[Dataset entries]
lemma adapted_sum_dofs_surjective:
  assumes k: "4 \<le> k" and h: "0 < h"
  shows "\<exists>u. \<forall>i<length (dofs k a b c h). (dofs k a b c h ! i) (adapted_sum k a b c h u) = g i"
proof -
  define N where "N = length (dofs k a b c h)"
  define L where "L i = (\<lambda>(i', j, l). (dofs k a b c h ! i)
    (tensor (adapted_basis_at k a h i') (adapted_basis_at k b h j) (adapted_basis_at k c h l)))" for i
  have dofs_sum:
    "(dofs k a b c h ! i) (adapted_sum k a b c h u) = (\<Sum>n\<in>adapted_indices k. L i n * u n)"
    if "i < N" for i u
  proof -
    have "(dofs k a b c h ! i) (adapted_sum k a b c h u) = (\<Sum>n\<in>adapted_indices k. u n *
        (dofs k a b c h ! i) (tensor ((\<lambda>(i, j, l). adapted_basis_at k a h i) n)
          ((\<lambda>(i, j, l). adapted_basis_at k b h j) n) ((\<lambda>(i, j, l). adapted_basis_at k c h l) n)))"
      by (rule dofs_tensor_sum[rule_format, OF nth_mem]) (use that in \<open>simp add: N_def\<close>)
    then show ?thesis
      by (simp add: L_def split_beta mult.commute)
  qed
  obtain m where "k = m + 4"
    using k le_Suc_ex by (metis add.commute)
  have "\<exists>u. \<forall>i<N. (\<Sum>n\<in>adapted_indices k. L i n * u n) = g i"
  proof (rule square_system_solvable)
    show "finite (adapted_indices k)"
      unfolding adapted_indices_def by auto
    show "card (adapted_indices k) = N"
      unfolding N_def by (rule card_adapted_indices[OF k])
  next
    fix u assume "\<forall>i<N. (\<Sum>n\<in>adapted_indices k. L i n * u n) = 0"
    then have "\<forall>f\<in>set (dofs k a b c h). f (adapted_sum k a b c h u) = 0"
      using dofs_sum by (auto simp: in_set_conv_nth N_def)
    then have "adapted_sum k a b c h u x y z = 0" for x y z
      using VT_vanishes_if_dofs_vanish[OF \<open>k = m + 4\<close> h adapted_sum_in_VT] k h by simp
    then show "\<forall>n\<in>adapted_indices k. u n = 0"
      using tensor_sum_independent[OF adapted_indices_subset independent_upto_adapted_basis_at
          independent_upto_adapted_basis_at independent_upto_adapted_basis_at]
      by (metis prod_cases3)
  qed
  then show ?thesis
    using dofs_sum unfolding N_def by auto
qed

BRIEF:
Each line of the data that has the string "using" should be returned.

OUTPUT FOR THIS EXERCISE:
    using k le_Suc_ex by (metis add.commute)
      using dofs_sum by (auto simp: in_set_conv_nth N_def)
      using VT_vanishes_if_dofs_vanish[OF \<open>k = m + 4\<close> h adapted_sum_in_VT] k h by simp
      using tensor_sum_independent[OF adapted_indices_subset independent_upto_adapted_basis_at
    using dofs_sum unfolding N_def by auto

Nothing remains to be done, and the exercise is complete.